▸ EXERCISE OBJECTIVE: The entries below contain a line with "x \<subseteq> subsums_ideal" and a line with "using assms(1) by (elim meagerE) blast". Retype exactly everything from the first down to the second, both included, and nothing else.

--------------------------------------------------

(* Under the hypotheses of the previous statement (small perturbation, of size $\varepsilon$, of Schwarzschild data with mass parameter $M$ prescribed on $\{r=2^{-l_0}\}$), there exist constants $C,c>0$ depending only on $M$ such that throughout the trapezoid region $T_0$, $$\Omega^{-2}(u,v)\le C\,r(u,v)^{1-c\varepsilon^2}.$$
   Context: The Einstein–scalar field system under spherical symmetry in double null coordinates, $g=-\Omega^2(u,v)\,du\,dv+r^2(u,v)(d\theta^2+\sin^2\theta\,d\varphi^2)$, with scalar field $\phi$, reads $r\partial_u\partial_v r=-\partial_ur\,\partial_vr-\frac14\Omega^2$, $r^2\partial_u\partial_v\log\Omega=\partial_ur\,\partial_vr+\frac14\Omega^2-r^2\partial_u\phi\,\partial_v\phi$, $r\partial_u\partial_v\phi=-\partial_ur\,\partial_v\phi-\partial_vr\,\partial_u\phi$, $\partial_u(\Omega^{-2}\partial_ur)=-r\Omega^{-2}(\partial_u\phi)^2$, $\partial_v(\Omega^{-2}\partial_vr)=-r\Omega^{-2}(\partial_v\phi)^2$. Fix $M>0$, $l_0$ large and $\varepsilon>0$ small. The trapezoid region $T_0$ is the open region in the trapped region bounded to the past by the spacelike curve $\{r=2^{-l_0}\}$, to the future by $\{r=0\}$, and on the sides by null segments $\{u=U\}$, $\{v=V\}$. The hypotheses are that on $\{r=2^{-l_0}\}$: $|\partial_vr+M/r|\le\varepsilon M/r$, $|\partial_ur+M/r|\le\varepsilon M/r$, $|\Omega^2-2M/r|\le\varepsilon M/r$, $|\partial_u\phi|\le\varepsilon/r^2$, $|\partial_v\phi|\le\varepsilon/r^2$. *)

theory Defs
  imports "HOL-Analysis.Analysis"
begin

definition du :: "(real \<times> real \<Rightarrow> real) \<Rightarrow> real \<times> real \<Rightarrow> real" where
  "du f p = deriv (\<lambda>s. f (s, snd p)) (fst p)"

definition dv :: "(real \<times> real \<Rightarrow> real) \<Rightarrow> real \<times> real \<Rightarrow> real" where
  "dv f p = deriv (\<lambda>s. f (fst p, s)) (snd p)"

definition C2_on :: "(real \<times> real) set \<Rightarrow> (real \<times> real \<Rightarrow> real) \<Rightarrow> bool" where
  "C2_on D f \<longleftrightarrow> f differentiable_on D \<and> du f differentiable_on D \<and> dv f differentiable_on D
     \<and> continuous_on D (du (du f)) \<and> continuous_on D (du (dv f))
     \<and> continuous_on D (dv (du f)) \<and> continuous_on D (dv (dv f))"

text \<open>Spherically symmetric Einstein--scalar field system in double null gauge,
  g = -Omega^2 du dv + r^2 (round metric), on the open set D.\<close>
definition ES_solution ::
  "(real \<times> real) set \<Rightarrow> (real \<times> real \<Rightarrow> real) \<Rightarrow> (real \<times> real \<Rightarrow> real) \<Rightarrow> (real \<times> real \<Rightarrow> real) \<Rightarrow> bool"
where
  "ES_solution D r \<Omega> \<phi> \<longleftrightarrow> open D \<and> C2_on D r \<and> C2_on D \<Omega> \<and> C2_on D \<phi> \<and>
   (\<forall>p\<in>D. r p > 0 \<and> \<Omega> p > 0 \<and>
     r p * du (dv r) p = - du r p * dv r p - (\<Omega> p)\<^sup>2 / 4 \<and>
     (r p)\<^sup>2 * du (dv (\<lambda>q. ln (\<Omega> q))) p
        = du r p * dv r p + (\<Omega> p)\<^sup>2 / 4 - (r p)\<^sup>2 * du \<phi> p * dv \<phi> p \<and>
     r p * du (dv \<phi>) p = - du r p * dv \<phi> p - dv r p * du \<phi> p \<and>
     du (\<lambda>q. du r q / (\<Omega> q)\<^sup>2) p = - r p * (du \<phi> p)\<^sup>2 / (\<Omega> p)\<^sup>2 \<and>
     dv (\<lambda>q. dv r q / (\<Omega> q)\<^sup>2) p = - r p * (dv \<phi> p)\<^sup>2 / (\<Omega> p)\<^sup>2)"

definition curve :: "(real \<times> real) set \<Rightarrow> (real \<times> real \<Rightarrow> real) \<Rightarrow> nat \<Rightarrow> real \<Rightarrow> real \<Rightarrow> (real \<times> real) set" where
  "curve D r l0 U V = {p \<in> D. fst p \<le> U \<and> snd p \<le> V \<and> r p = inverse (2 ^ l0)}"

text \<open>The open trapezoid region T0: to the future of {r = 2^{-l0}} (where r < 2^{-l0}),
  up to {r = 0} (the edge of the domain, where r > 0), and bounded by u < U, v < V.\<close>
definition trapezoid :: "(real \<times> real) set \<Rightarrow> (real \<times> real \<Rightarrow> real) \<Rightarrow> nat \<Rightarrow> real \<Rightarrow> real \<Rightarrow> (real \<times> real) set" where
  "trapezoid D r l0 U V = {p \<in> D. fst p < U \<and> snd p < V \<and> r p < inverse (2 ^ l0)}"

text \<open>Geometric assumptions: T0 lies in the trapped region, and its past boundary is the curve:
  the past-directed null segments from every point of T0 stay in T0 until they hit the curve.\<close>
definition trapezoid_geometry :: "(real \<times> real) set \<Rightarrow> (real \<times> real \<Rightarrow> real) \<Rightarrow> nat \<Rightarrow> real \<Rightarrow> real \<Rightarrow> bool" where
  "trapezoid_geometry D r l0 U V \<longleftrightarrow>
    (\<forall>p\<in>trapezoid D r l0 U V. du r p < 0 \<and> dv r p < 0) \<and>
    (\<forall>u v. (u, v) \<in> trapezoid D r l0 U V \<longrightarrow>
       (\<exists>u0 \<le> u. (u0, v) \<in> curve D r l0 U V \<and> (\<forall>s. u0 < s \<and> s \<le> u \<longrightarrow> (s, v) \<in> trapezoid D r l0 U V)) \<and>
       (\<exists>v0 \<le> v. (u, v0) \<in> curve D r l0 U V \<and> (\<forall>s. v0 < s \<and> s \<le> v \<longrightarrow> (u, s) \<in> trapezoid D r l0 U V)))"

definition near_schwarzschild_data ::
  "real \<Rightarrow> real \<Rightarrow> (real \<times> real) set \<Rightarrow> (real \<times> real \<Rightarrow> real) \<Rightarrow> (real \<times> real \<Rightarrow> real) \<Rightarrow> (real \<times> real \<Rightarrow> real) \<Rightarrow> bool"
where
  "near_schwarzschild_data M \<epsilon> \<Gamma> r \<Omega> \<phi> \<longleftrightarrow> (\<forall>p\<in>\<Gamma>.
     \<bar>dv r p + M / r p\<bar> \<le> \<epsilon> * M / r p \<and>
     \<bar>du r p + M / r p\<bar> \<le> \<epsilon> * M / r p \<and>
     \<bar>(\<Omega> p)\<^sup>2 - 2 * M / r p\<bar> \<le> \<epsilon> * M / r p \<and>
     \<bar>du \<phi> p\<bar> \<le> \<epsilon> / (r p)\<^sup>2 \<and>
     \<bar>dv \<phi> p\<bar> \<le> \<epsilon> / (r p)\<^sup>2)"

--------------------------------------------------

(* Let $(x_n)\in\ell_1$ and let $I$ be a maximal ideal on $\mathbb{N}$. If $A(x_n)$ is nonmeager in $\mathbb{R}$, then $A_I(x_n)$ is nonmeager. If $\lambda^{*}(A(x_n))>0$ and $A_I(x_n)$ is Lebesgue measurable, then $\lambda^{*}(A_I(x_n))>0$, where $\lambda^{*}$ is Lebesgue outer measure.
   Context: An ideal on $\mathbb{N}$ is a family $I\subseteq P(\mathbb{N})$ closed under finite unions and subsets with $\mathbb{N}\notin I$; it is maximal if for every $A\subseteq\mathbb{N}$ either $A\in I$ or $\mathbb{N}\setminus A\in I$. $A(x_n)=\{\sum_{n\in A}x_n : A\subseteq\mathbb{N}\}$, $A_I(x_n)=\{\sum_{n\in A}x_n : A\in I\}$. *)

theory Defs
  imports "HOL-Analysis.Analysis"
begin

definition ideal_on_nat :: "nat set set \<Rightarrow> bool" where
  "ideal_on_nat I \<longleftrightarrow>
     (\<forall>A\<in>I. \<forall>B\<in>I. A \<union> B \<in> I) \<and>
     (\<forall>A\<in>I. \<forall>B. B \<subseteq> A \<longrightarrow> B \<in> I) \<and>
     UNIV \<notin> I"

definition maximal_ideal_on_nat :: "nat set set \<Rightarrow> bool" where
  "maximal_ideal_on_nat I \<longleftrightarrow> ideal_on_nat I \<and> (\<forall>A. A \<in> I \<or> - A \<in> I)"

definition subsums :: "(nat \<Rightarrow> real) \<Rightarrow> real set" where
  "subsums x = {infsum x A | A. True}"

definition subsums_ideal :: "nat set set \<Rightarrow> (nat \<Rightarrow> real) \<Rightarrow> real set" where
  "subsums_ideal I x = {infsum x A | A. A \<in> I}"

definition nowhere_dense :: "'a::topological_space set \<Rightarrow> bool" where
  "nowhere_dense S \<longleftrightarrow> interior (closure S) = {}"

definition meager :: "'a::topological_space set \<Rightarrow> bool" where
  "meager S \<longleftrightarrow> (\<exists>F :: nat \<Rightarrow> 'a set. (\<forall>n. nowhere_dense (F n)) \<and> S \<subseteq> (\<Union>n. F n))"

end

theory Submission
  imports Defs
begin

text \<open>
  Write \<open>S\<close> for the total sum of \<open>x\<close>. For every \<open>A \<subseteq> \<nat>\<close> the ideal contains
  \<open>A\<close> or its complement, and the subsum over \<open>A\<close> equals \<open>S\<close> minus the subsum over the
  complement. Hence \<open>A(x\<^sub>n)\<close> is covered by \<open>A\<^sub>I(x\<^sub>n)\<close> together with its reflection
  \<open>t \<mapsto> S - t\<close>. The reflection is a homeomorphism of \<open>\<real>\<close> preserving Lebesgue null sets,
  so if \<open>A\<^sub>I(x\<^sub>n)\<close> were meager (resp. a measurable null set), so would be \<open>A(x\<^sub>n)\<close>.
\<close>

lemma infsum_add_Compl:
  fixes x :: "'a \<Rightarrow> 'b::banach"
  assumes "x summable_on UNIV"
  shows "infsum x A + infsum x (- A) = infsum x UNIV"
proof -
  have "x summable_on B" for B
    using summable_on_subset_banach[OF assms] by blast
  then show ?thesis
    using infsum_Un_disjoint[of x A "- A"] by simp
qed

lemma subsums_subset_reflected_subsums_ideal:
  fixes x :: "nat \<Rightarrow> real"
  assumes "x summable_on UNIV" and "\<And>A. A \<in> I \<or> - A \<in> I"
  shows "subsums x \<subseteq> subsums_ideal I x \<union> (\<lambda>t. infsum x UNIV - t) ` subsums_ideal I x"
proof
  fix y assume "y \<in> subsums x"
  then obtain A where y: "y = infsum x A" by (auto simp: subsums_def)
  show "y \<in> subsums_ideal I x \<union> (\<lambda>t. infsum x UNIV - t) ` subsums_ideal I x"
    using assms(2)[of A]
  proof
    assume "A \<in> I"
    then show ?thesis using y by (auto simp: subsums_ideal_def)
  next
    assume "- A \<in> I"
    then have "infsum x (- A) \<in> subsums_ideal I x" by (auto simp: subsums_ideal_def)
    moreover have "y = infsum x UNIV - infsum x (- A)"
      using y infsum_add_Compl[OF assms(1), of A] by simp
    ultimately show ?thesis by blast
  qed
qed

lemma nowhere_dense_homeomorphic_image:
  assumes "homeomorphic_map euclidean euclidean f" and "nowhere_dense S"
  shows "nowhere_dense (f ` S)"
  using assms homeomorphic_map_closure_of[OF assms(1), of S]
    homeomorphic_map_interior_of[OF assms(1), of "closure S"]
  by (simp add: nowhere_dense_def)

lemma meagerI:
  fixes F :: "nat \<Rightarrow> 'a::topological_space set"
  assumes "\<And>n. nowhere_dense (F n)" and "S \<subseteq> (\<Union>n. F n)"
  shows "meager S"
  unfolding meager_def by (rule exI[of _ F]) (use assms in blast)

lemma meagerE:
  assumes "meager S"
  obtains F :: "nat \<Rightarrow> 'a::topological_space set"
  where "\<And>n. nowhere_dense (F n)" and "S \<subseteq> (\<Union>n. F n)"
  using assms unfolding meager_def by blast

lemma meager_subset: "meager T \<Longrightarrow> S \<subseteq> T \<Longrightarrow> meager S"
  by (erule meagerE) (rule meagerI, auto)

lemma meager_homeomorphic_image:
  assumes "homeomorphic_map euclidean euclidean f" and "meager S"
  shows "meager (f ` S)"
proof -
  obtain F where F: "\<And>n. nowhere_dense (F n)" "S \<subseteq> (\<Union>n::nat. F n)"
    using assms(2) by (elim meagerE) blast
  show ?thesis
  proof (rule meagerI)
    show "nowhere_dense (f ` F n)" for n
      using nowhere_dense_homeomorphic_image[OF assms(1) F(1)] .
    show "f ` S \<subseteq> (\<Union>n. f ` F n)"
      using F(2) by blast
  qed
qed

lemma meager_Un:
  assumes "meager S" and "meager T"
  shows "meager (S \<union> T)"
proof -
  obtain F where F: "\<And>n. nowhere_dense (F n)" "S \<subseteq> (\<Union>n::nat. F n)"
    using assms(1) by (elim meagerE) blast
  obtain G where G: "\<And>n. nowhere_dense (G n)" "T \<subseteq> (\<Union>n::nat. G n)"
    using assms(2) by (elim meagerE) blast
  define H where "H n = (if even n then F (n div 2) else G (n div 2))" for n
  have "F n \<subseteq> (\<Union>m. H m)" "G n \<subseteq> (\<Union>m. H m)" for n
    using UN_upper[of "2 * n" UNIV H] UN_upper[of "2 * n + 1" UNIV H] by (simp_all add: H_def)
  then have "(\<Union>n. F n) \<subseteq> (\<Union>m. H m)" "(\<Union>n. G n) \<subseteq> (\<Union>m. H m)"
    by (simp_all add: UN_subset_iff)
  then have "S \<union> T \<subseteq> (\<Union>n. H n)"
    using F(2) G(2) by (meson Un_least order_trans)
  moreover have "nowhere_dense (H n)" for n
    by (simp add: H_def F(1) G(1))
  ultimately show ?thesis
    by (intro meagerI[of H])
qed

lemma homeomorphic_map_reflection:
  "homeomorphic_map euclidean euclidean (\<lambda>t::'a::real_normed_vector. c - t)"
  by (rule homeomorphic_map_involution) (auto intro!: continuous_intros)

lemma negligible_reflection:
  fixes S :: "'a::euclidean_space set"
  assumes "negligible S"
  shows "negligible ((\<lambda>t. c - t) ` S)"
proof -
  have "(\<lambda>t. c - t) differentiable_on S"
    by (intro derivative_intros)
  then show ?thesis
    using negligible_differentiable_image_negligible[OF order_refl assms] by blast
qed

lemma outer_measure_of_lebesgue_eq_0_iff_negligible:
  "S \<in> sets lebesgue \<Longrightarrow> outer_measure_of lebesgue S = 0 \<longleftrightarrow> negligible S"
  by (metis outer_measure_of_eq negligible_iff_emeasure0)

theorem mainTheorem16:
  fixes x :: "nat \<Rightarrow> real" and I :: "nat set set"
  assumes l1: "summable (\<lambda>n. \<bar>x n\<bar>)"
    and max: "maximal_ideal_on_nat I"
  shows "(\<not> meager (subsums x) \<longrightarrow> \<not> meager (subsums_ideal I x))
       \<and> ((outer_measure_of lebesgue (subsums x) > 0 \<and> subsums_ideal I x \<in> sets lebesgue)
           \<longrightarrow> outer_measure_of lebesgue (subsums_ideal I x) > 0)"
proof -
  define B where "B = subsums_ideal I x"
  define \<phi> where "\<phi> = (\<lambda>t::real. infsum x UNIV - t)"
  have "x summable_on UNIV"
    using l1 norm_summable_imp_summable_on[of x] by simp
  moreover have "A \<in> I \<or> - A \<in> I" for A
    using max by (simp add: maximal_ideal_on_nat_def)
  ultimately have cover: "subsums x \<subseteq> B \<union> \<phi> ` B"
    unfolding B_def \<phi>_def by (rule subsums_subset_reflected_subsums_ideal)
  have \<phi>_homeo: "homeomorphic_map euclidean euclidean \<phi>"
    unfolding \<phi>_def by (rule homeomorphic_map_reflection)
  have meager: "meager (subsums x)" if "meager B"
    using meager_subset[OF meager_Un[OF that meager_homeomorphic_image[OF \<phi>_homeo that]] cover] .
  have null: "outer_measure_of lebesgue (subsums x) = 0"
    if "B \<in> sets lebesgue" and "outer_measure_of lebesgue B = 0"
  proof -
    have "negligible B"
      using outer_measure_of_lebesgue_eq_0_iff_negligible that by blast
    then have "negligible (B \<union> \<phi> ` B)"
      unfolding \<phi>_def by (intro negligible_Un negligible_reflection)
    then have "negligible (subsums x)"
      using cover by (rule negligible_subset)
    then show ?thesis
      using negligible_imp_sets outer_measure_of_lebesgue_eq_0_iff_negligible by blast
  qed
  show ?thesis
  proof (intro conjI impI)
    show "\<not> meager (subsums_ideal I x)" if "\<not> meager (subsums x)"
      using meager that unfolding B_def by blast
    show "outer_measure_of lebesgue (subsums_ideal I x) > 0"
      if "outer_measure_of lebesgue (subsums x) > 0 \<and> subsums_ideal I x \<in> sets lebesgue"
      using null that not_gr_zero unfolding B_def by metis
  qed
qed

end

--------------------------------------------------

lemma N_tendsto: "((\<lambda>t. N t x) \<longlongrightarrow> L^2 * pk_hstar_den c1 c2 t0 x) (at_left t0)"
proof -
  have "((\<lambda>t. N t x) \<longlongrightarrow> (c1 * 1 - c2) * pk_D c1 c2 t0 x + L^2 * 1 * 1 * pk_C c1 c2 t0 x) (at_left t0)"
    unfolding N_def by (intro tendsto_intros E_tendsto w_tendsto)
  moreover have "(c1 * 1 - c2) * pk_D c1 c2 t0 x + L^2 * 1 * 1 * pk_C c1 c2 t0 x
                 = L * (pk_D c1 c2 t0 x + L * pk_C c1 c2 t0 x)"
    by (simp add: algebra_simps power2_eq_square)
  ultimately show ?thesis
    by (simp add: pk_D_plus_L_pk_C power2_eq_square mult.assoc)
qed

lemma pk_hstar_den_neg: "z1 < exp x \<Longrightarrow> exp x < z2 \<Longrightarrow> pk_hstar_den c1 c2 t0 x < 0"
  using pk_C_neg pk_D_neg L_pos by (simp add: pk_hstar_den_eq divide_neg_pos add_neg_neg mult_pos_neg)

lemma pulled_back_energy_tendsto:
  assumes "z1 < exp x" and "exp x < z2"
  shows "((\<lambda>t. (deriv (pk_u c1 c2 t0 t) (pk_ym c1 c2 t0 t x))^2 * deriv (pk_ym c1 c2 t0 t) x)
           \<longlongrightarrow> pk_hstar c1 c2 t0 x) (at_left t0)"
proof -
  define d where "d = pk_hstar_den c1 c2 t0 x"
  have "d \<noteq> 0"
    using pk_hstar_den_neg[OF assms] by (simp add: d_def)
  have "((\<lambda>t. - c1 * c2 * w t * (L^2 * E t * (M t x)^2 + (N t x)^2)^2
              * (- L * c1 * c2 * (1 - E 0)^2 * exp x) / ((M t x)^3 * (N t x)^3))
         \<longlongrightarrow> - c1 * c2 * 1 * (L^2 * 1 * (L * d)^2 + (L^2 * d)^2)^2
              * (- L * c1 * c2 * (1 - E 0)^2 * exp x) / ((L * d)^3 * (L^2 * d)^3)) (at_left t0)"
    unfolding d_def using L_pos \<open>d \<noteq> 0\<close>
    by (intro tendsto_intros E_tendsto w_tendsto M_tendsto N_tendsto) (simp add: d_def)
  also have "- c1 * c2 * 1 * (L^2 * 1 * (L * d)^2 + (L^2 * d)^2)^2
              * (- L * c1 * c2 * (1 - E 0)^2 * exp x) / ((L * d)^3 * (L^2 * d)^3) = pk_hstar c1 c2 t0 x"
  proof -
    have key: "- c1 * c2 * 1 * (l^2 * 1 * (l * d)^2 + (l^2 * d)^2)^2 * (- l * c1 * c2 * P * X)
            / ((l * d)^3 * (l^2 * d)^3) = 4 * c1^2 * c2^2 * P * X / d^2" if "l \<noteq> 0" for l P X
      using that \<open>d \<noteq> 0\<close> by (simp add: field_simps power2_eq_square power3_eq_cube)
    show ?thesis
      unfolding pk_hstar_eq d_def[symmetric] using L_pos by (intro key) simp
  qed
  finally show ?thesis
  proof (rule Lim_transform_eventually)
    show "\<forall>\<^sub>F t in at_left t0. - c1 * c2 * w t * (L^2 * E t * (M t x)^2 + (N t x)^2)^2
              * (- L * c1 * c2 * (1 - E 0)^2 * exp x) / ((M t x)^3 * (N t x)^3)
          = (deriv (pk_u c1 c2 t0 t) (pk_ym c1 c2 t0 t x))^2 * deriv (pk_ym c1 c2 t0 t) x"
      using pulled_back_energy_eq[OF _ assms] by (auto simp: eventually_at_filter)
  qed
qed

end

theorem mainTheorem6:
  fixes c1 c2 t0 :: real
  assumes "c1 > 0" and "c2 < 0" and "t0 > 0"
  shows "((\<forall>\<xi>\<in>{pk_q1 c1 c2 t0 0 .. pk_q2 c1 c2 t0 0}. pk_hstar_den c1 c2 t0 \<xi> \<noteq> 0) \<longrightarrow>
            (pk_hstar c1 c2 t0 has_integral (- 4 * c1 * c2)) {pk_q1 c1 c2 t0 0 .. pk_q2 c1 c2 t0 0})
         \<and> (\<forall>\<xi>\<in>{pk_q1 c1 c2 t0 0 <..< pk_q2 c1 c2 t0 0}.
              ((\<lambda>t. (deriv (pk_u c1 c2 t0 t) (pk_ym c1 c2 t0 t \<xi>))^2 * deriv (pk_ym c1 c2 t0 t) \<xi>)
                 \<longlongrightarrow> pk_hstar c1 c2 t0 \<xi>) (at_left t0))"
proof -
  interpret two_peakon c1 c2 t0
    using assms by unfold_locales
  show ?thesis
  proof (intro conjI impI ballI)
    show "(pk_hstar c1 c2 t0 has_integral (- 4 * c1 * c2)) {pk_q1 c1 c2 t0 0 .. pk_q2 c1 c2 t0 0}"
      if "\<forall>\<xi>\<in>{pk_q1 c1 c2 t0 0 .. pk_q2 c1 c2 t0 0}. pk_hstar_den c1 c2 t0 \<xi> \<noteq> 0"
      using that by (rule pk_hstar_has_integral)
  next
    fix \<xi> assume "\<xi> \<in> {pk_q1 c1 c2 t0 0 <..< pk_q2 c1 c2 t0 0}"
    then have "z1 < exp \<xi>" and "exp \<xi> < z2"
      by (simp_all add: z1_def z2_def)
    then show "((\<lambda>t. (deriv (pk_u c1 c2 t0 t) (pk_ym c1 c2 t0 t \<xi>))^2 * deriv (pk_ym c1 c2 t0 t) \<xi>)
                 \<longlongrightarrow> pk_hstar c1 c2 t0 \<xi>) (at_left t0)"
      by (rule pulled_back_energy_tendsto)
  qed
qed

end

--------------------------------------------------

▸ COMPLETED TASK:
  shows "subsums x \<subseteq> subsums_ideal I x \<union> (\<lambda>t. infsum x UNIV - t) ` subsums_ideal I x"
proof
  fix y assume "y \<in> subsums x"
  then obtain A where y: "y = infsum x A" by (auto simp: subsums_def)
  show "y \<in> subsums_ideal I x \<union> (\<lambda>t. infsum x UNIV - t) ` subsums_ideal I x"
    using assms(2)[of A]
  proof
    assume "A \<in> I"
    then show ?thesis using y by (auto simp: subsums_ideal_def)
  next
    assume "- A \<in> I"
    then have "infsum x (- A) \<in> subsums_ideal I x" by (auto simp: subsums_ideal_def)
    moreover have "y = infsum x UNIV - infsum x (- A)"
      using y infsum_add_Compl[OF assms(1), of A] by simp
    ultimately show ?thesis by blast
  qed
qed

lemma nowhere_dense_homeomorphic_image:
  assumes "homeomorphic_map euclidean euclidean f" and "nowhere_dense S"
  shows "nowhere_dense (f ` S)"
  using assms homeomorphic_map_closure_of[OF assms(1), of S]
    homeomorphic_map_interior_of[OF assms(1), of "closure S"]
  by (simp add: nowhere_dense_def)

lemma meagerI:
  fixes F :: "nat \<Rightarrow> 'a::topological_space set"
  assumes "\<And>n. nowhere_dense (F n)" and "S \<subseteq> (\<Union>n. F n)"
  shows "meager S"
  unfolding meager_def by (rule exI[of _ F]) (use assms in blast)

lemma meagerE:
  assumes "meager S"
  obtains F :: "nat \<Rightarrow> 'a::topological_space set"
  where "\<And>n. nowhere_dense (F n)" and "S \<subseteq> (\<Union>n. F n)"
  using assms unfolding meager_def by blast

lemma meager_subset: "meager T \<Longrightarrow> S \<subseteq> T \<Longrightarrow> meager S"
  by (erule meagerE) (rule meagerI, auto)

lemma meager_homeomorphic_image:
  assumes "homeomorphic_map euclidean euclidean f" and "meager S"
  shows "meager (f ` S)"
proof -
  obtain F where F: "\<And>n. nowhere_dense (F n)" "S \<subseteq> (\<Union>n::nat. F n)"
    using assms(2) by (elim meagerE) blast
  show ?thesis
  proof (rule meagerI)
    show "nowhere_dense (f ` F n)" for n
      using nowhere_dense_homeomorphic_image[OF assms(1) F(1)] .
    show "f ` S \<subseteq> (\<Union>n. f ` F n)"
      using F(2) by blast
  qed
qed

lemma meager_Un:
  assumes "meager S" and "meager T"
  shows "meager (S \<union> T)"
proof -
  obtain F where F: "\<And>n. nowhere_dense (F n)" "S \<subseteq> (\<Union>n::nat. F n)"
    using assms(1) by (elim meagerE) blast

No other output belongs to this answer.